- Developer: Tribute Games
- Publisher: Tribute Games
- Designer: Justin Cyr
- Programmers: Jonathan Lavigne Jean‑François Major Michael Larouche
- Artists: Stéphane Boutin Paul Robertson Justin Cyr
- Writer: Yannick Belzil
- Composer: Patrice Bourgeault
- Platforms: Windows, OS X, PlayStation 4, PlayStation Vita
- Release: August 18, 2015
- Genres: Arena brawler, Action
- Modes: Single-player, multiplayer

= Curses 'N Chaos =

2015 video game

Curses 'N Chaos is a 2D, wave-based, arena-brawler video game with a focus on 2-player co-op by independent developer Tribute Games.
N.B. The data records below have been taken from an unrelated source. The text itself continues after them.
lemma block_diag3_conj:
  fixes F :: "nat \<Rightarrow> nat \<Rightarrow> 'a :: comm_semiring_1 mat"
  assumes P: "P \<in> carrier_mat M M" and Q: "Q \<in> carrier_mat M M"
    and F: "\<And>r s. F r s \<in> carrier_mat M M"
  shows "block_diag3 M P * block_mat3 M F * block_diag3 M Q = block_mat3 M (\<lambda>r s. P * F r s * Q)"
proof -
  have three: "r < 3 \<Longrightarrow> r = 0 \<or> r = 1 \<or> r = 2" for r :: nat by auto
  have dims: "dim_row (F r s) = M" "dim_col (F r s) = M"
    and PF: "P * F r s \<in> carrier_mat M M" "P * F r s * Q \<in> carrier_mat M M" for r s
    using P Q F[of r s] by auto
  have "block_diag3 M P * block_mat3 M F = block_mat3 M (\<lambda>r s. P * F r s)"
    unfolding block_diag3_def using P F
    by (subst block_mat3_mult) (auto intro!: block_mat3_cong dest!: three simp: dims PF)
  moreover have "block_mat3 M (\<lambda>r s. P * F r s) * block_diag3 M Q = block_mat3 M (\<lambda>r s. P * F r s * Q)"
    unfolding block_diag3_def using P Q F
    by (subst block_mat3_mult) (auto intro!: block_mat3_cong dest!: three simp: dims PF)
  ultimately show ?thesis by simp
qed

section \<open>The characteristic polynomial of Q\<close>

lemma Q_mat_eq_block_mat3: "Q_mat kn kp ku M A = block_mat3 M (Q_block kn kp ku M A)"
  by (simp add: Q_mat_def block_mat3_def block_grid_def)

lemma Q_mat_carrier: "Q_mat kn kp ku M A \<in> carrier_mat (3 * M) (3 * M)"
  by (simp add: Q_mat_def)

lemma Q_block_carrier: "A \<in> carrier_mat M M \<Longrightarrow> Q_block kn kp ku M A r s \<in> carrier_mat M M"
  unfolding Q_block_def by auto

lemma Q_block_conj:
  assumes A: "A \<in> carrier_mat M M" and P: "P \<in> carrier_mat M M" and Q: "Q \<in> carrier_mat M M"
    and PQ: "P * Q = 1\<^sub>m M"
  shows "P * Q_block kn kp ku M A r s * Q = Q_block kn kp ku M (P * A * Q) r s"
proof -
  have smult: "P * (c \<cdot>\<^sub>m X) * Q = c \<cdot>\<^sub>m (P * X * Q)" if "X \<in> carrier_mat M M" for c X
  proof -
    have "P * (c \<cdot>\<^sub>m X) = c \<cdot>\<^sub>m (P * X)" using P that by (rule mult_smult_distrib)
    then show ?thesis using P Q that mult_smult_assoc_mat[of "P * X" M M Q M c] by simp
  qed
  show ?thesis
    using smult[OF A] smult[OF one_carrier_mat] P Q PQ by (simp add: Q_block_def)
qed

lemma similar_Q_mat:
  assumes A: "A \<in> carrier_mat M M" and "similar_mat A T"
  shows "similar_mat (Q_mat kn kp ku M A) (Q_mat kn kp ku M T)"
proof -
  obtain n P Q where carr: "{A, T, P, Q} \<subseteq> carrier_mat n n"
    and PQ: "P * Q = 1\<^sub>m n" and QP: "Q * P = 1\<^sub>m n" and AT: "A = P * T * Q"
    using similar_matD[OF \<open>similar_mat A T\<close>] by blast
  from carr A have "n = M" by auto
  with carr PQ QP have T: "T \<in> carrier_mat M M" and P: "P \<in> carrier_mat M M"
    and Q: "Q \<in> carrier_mat M M" and PQ: "P * Q = 1\<^sub>m M" and QP: "Q * P = 1\<^sub>m M"
    by auto
  have diag_inverse: "block_diag3 M X * block_diag3 M Y = 1\<^sub>m (3 * M)"
    if X: "X \<in> carrier_mat M M" and Y: "Y \<in> carrier_mat M M" and XY: "X * Y = 1\<^sub>m M" for X Y :: "real mat"
  proof -
    have "block_diag3 M X * block_diag3 M Y = block_diag3 M X * block_diag3 M (1\<^sub>m M) * block_diag3 M Y"
      using right_mult_one_mat[of "block_diag3 M X" "3 * M" "3 * M"] by (simp add: block_diag3_one)
    also have "\<dots> = block_diag3 M (X * Y)"
      unfolding block_diag3_def[of M "1\<^sub>m M"] using X Y
      by (subst block_diag3_conj) (auto simp: block_diag3_def intro!: block_mat3_cong)
    finally show ?thesis using XY by (simp add: block_diag3_one)
  qed
  show ?thesis
  proof (rule similar_matI)
    show "{Q_mat kn kp ku M A, Q_mat kn kp ku M T, block_diag3 M P, block_diag3 M Q}
        \<subseteq> carrier_mat (3 * M) (3 * M)"
      by (simp add: Q_mat_eq_block_mat3 block_diag3_def)
    show "block_diag3 M P * block_diag3 M Q = 1\<^sub>m (3 * M)" "block_diag3 M Q * block_diag3 M P = 1\<^sub>m (3 * M)"
      using diag_inverse P Q PQ QP by auto
    show "Q_mat kn kp ku M A = block_diag3 M P * Q_mat kn kp ku M T * block_diag3 M Q"
      unfolding Q_mat_eq_block_mat3 AT
      by (simp only: block_diag3_conj[OF P Q Q_block_carrier[OF T]] Q_block_conj[OF T P Q PQ])
  qed
qed

lemma Q_block_diag_entry:
  assumes "A \<in> carrier_mat M M" and "l < M"
  shows "Q_block kn kp ku M A r s $$ (l,l) = Q_block kn kp ku 1 (mat 1 1 (\<lambda>_. A $$ (l,l))) r s $$ (0,0)"
  using assms by (simp add: Q_block_def)
(* Assume (A). Then for all $t>t_0$ and $s\in(0,t)$, $$\inf_{f\in\mathcal U^{s,t}}I(f)=\Upsilon(s,t):=\begin{cases}\Lambda_{s,t}(b+c_2t,\ b+c_2t-c_1s), & \text{if } k(s,t)>c_1s,\\[2pt] \dfrac{(b+c_2t)^2}{2v(t)}, & \text{if } k(s,t)\le c_1s.\end{cases}$$
   Context: Let $v:[0,\infty)\to[0,\infty)$ be continuous with $v(0)=0$ and $\lim_{t\to\infty}v(t)/t^{\alpha}=0$ for some $\alpha<2$; $A$ is a centered Gaussian process on $\mathbb R$ with continuous paths, $A(0)=0$, stationary increments and $\mathrm{Var}(A(t)-A(s))=v(|t-s|)$; $\Gamma(s,t):=\tfrac12(v(|s|)+v(|t|)-v(|t-s|))$. $\Omega$ is the space of continuous $\omega:\mathbb R\to\mathbb R$ with $\omega(0)=0$, $\omega(t)/(1+|t|)\to0$ as $t\to\pm\infty$; $R$ is the reproducing kernel Hilbert space of $\Gamma$ and $I(\omega)=\frac12\|\omega\|_R^2$ on $R$, $\infty$ elsewhere. Fix $b>0$, $c_1>c_2>0$, $t_0:=b/(c_1-c_2)$, and $\mathcal U^{s,t}:=\{f\in\Omega:-f(-t)\ge b+c_2t,\ f(-s)-f(-t)\ge b+c_2t-c_1s\}$. For $0<s<t$ let $\Sigma(s,t):=\begin{pmatrix}v(t)&\Gamma(s,t)\\ \Gamma(s,t)&v(s)\end{pmatrix}$, assumed nonsingular, and $\Lambda_{s,t}(y,z):=\frac12(y,z)\,\Sigma(t-s,t)^{-1}(y,z)^{\top}$ (the large-deviation rate function of the pair $(\frac1n\sum_iA_i(-t,0),\frac1n\sum_iA_i(-t,-s))$). Let $k(s,t):=\mathbb E(A(s)\mid A(t)=b+c_2t)=\frac{\Gamma(s,t)}{v(t)}(b+c_2t)$. Assumption (A): $\sqrt{v}\in C^2([0,\infty))$ and $\sqrt v$ is strictly increasing and strictly concave. *)

theory Defs
  imports "HOL-Probability.Probability"
begin

definition Gam :: "(real \<Rightarrow> real) \<Rightarrow> real \<Rightarrow> real \<Rightarrow> real" where
  "Gam v s t = (v \<bar>s\<bar> + v \<bar>t\<bar> - v \<bar>t - s\<bar>) / 2"

text \<open>A is a centered Gaussian process on (M), indexed by the reals, with continuous
  paths, A(0)=0 and covariance kernel K: every finite linear combination
  sum c_i A(t_i) is a centered normal variable with variance sum c_i c_j K(t_i,t_j)
  (stated through its characteristic function, which also covers variance 0).\<close>
definition centered_gaussian_process ::
    "'a measure \<Rightarrow> (real \<Rightarrow> 'a \<Rightarrow> real) \<Rightarrow> (real \<Rightarrow> real \<Rightarrow> real) \<Rightarrow> bool" where
  "centered_gaussian_process M A K \<longleftrightarrow>
     prob_space M \<and>
     (\<forall>t. A t \<in> borel_measurable M) \<and>
     (\<forall>\<omega>\<in>space M. continuous_on UNIV (\<lambda>t. A t \<omega>) \<and> A 0 \<omega> = 0) \<and>
     (\<forall>(F::real set) (c::real \<Rightarrow> real). finite F \<longrightarrow>
        (\<forall>u. char (distr M borel (\<lambda>\<omega>. \<Sum>t\<in>F. c t * A t \<omega>)) u =
             complex_of_real (exp (- ((\<Sum>p\<in>F. \<Sum>q\<in>F. c p * c q * K p q) * u\<^sup>2 / 2)))))"

definition Omega :: "(real \<Rightarrow> real) set" where
  "Omega = {\<omega>. continuous_on UNIV \<omega> \<and> \<omega> 0 = 0 \<and>
              ((\<lambda>t. \<omega> t / (1 + \<bar>t\<bar>)) \<longlongrightarrow> 0) at_top \<and>
              ((\<lambda>t. \<omega> t / (1 + \<bar>t\<bar>)) \<longlongrightarrow> 0) at_bot}"

text \<open>Squared RKHS norm of f for the positive semidefinite kernel K (Aronszajn/Loeve):
  the supremum of (sum c_i f(t_i))^2 / (sum c_i c_j K(t_i,t_j)) over finite families,
  with the convention 0/0 = 0 and a/0 = infinity for a > 0.  It is finite iff f lies
  in the RKHS of K, and then it equals the squared RKHS norm.\<close>
definition rkhs_sq_norm :: "(real \<Rightarrow> real \<Rightarrow> real) \<Rightarrow> (real \<Rightarrow> real) \<Rightarrow> ereal" where
  "rkhs_sq_norm K f =
     (SUP Fc \<in> {(F::real set, c::real \<Rightarrow> real). finite F}.
        (let F = fst Fc; c = snd Fc;
             L = (\<Sum>t\<in>F. c t * f t);
             Q = (\<Sum>p\<in>F. \<Sum>q\<in>F. c p * c q * K p q)
         in if Q = 0 then (if L = 0 then 0 else \<infinity>) else ereal (L\<^sup>2 / Q)))"

text \<open>The rate function I: half the squared RKHS norm of Gamma on Omega,
  infinity outside (R is contained in Omega; outside R the norm is infinite).\<close>
definition rateI :: "(real \<Rightarrow> real) \<Rightarrow> (real \<Rightarrow> real) \<Rightarrow> ereal" where
  "rateI v f = (if f \<in> Omega then rkhs_sq_norm (Gam v) f / 2 else \<infinity>)"

definition Uset :: "real \<Rightarrow> real \<Rightarrow> real \<Rightarrow> real \<Rightarrow> real \<Rightarrow> (real \<Rightarrow> real) set" where
  "Uset b c1 c2 s t = {f \<in> Omega. - f (- t) \<ge> b + c2 * t \<and>
                                  f (- s) - f (- t) \<ge> b + c2 * t - c1 * s}"

text \<open>Determinant of Sigma(s,t) = [[v t, Gamma(s,t)],[Gamma(s,t), v s]].\<close>
definition detSigma :: "(real \<Rightarrow> real) \<Rightarrow> real \<Rightarrow> real \<Rightarrow> real" where
  "detSigma v s t = v t * v s - (Gam v s t)\<^sup>2"

text \<open>Lambda_{s,t}(y,z) = 1/2 (y,z) Sigma(t-s,t)^{-1} (y,z)^T, with the 2x2 inverse written out.\<close>
definition Lam :: "(real \<Rightarrow> real) \<Rightarrow> real \<Rightarrow> real \<Rightarrow> real \<Rightarrow> real \<Rightarrow> real" where
  "Lam v s t y z =
     (v (t - s) * y\<^sup>2 - 2 * Gam v (t - s) t * y * z + v t * z\<^sup>2) / (2 * detSigma v (t - s) t)"

definition kfun :: "(real \<Rightarrow> real) \<Rightarrow> real \<Rightarrow> real \<Rightarrow> real \<Rightarrow> real \<Rightarrow> real" where
  "kfun v b c2 s t = Gam v s t / v t * (b + c2 * t)"

definition Upsilon :: "(real \<Rightarrow> real) \<Rightarrow> real \<Rightarrow> real \<Rightarrow> real \<Rightarrow> real \<Rightarrow> real \<Rightarrow> real" where
  "Upsilon v b c1 c2 s t =
     (if kfun v b c2 s t > c1 * s then Lam v s t (b + c2 * t) (b + c2 * t - c1 * s)
      else (b + c2 * t)\<^sup>2 / (2 * v t))"

definition assumptionA :: "(real \<Rightarrow> real) \<Rightarrow> bool" where
  "assumptionA v \<longleftrightarrow>
     (\<exists>g1 g2. (\<forall>x\<ge>0. ((\<lambda>y. sqrt (v y)) has_real_derivative g1 x) (at x within {0..}) \<and>
                      (g1 has_real_derivative g2 x) (at x within {0..})) \<and>
              continuous_on {0..} g2) \<and>
     strict_mono_on {0..} (\<lambda>y. sqrt (v y)) \<and>
     (\<forall>x\<ge>0. \<forall>y\<ge>0. \<forall>\<theta>. x \<noteq> y \<and> 0 < \<theta> \<and> \<theta> < 1 \<longrightarrow>
        sqrt (v (\<theta> * x + (1 - \<theta>) * y)) > \<theta> * sqrt (v x) + (1 - \<theta>) * sqrt (v y))"

end

theory Submission
  imports Defs
begin

(* The rate is half the squared RKHS norm, i.e. the supremum of (sum c_x f x)^2 / (c' Gam c) over
   finite coefficient families, and the constraints only involve X f = - f (-t) and
   Y f = f (-s) - f (-t), whose Gram matrix is Sigma(t-s,t). The two-point family representing
   a X + b Y bounds the rate from below by (a X f + b Y f)^2 / (2 Q(a,b)), Q the quadratic form of
   Sigma; conversely, by Cauchy-Schwarz for the covariance kernel, the kernel combination with the
   same coefficients has (X, Y) = Sigma (a,b) and rate at most Q(a,b)/2. Hence nonnegative weights
   (a,b) for which a multiple of Sigma (a,b) meets both constraints are optimal: (1,0) when
   k(s,t) <= c1 s, and adj(Sigma) (b + c2 t, b + c2 t - c1 s) otherwise. The first entry of the
   latter is nonnegative because concavity of sqrt v bounds the regression slope
   Gam(t-s,t) / v(t-s) by t / (t-s), while t > t0 gives (b + c2 t - c1 s) t <= (b + c2 t) (t - s). *)

section \<open>Positive semidefinite kernels and the RKHS norm\<close>

definition psd_kernel :: "(real \<Rightarrow> real \<Rightarrow> real) \<Rightarrow> bool" where
  "psd_kernel K \<longleftrightarrow> (\<forall>F c. finite F \<longrightarrow> 0 \<le> (\<Sum>p\<in>F. \<Sum>q\<in>F. c p * c q * K p q))"

lemma psd_kernelD: "psd_kernel K \<Longrightarrow> finite F \<Longrightarrow> 0 \<le> (\<Sum>p\<in>F. \<Sum>q\<in>F. c p * c q * K p q)"
  unfolding psd_kernel_def by blast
The game was released on August 18, 2015 for Windows, OS X, PlayStation 4, and PlayStation Vita.

== Gameplay ==
The game is a single screen arena brawler where you fight waves of enemies. Players have the ability to craft new items and power ups, as well play alongside a friend, locally or online. The PlayStation platforms support cross-buy, cross-save and cross-play features. Players can choose between one of two heroes, Lea and Leo, to fight in melee combat against progressively more difficult waves of AI enemies.